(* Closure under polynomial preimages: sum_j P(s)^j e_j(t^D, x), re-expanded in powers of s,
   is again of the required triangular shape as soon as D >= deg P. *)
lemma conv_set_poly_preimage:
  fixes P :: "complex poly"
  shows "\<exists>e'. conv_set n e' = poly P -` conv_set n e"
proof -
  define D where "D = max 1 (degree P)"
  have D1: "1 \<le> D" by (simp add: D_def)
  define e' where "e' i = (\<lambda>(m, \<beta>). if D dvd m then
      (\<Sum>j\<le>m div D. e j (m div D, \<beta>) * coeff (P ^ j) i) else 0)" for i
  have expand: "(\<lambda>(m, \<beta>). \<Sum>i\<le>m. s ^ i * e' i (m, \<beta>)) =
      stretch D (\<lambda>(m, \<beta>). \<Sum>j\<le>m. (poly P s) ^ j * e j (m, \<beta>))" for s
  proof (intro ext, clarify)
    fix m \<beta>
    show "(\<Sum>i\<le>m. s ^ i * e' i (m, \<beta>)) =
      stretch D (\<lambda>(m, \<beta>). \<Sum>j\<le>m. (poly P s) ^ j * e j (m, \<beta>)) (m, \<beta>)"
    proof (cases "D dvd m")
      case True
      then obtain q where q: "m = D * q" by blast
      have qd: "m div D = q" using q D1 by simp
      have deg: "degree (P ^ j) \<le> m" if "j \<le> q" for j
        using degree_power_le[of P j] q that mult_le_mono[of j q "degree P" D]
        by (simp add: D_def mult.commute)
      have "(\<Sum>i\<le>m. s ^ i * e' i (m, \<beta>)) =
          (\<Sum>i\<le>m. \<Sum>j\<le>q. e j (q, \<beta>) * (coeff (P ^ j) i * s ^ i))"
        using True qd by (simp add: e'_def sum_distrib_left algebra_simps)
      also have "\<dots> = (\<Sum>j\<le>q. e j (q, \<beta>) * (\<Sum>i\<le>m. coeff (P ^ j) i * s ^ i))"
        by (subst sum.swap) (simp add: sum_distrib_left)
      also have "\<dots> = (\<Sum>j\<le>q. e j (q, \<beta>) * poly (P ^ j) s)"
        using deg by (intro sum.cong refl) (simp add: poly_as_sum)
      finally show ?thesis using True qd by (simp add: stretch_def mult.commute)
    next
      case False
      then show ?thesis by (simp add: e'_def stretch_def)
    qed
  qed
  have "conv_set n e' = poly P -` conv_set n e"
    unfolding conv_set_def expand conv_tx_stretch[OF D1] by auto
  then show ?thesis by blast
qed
# # # # # # #
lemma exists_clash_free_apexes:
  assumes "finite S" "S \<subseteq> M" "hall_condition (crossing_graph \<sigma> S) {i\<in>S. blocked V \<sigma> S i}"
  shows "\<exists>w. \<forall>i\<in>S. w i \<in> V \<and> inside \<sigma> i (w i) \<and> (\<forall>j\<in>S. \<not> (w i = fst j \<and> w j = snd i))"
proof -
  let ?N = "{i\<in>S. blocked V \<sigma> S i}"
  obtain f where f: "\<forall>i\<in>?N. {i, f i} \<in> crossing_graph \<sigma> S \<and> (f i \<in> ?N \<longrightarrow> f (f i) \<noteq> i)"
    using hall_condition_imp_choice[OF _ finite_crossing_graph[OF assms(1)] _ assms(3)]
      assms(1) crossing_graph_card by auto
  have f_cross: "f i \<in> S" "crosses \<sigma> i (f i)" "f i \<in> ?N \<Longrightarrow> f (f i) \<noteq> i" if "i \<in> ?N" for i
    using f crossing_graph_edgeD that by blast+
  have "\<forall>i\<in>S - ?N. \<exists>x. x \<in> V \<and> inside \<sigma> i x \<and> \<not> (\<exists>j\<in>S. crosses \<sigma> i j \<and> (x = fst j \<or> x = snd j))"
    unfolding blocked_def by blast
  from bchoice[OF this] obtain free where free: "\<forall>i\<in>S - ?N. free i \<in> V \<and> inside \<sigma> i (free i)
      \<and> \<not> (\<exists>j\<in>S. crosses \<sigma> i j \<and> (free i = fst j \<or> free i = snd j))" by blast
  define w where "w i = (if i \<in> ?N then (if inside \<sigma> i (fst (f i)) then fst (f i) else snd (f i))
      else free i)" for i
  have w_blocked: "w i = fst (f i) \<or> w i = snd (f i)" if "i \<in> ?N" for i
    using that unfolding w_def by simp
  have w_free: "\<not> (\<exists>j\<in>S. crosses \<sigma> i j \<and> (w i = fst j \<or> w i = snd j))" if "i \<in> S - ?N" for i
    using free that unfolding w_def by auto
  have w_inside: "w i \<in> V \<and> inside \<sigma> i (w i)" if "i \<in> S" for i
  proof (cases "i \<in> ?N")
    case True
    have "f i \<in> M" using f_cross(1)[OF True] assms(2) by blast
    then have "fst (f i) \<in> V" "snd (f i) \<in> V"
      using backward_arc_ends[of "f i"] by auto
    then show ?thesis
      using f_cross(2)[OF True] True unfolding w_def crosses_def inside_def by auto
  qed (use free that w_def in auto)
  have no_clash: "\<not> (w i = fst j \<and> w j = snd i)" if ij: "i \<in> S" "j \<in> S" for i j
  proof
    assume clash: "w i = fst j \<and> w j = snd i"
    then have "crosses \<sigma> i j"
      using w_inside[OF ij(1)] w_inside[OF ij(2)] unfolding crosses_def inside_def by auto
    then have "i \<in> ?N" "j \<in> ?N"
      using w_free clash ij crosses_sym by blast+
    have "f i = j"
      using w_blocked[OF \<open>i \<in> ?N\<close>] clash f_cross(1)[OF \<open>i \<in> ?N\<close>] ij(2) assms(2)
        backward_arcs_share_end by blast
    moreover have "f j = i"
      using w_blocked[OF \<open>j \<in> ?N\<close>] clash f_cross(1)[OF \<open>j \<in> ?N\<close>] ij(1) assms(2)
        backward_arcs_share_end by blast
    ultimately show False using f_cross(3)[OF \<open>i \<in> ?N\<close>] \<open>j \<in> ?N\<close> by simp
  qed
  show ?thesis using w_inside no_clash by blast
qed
# # # # # # #
> [EXERCISE]:
From the records above, give again exactly the lines running from the line with "(* Closure under" to the line with "(\<Sum>j\<le>m div D.", inclusive.

> [EXERCISE ANSWER]:
(* Closure under polynomial preimages: sum_j P(s)^j e_j(t^D, x), re-expanded in powers of s,
   is again of the required triangular shape as soon as D >= deg P. *)
lemma conv_set_poly_preimage:
  fixes P :: "complex poly"
  shows "\<exists>e'. conv_set n e' = poly P -` conv_set n e"
proof -
  define D where "D = max 1 (degree P)"
  have D1: "1 \<le> D" by (simp add: D_def)
  define e' where "e' i = (\<lambda>(m, \<beta>). if D dvd m then
      (\<Sum>j\<le>m div D. e j (m div D, \<beta>) * coeff (P ^ j) i) else 0)" for i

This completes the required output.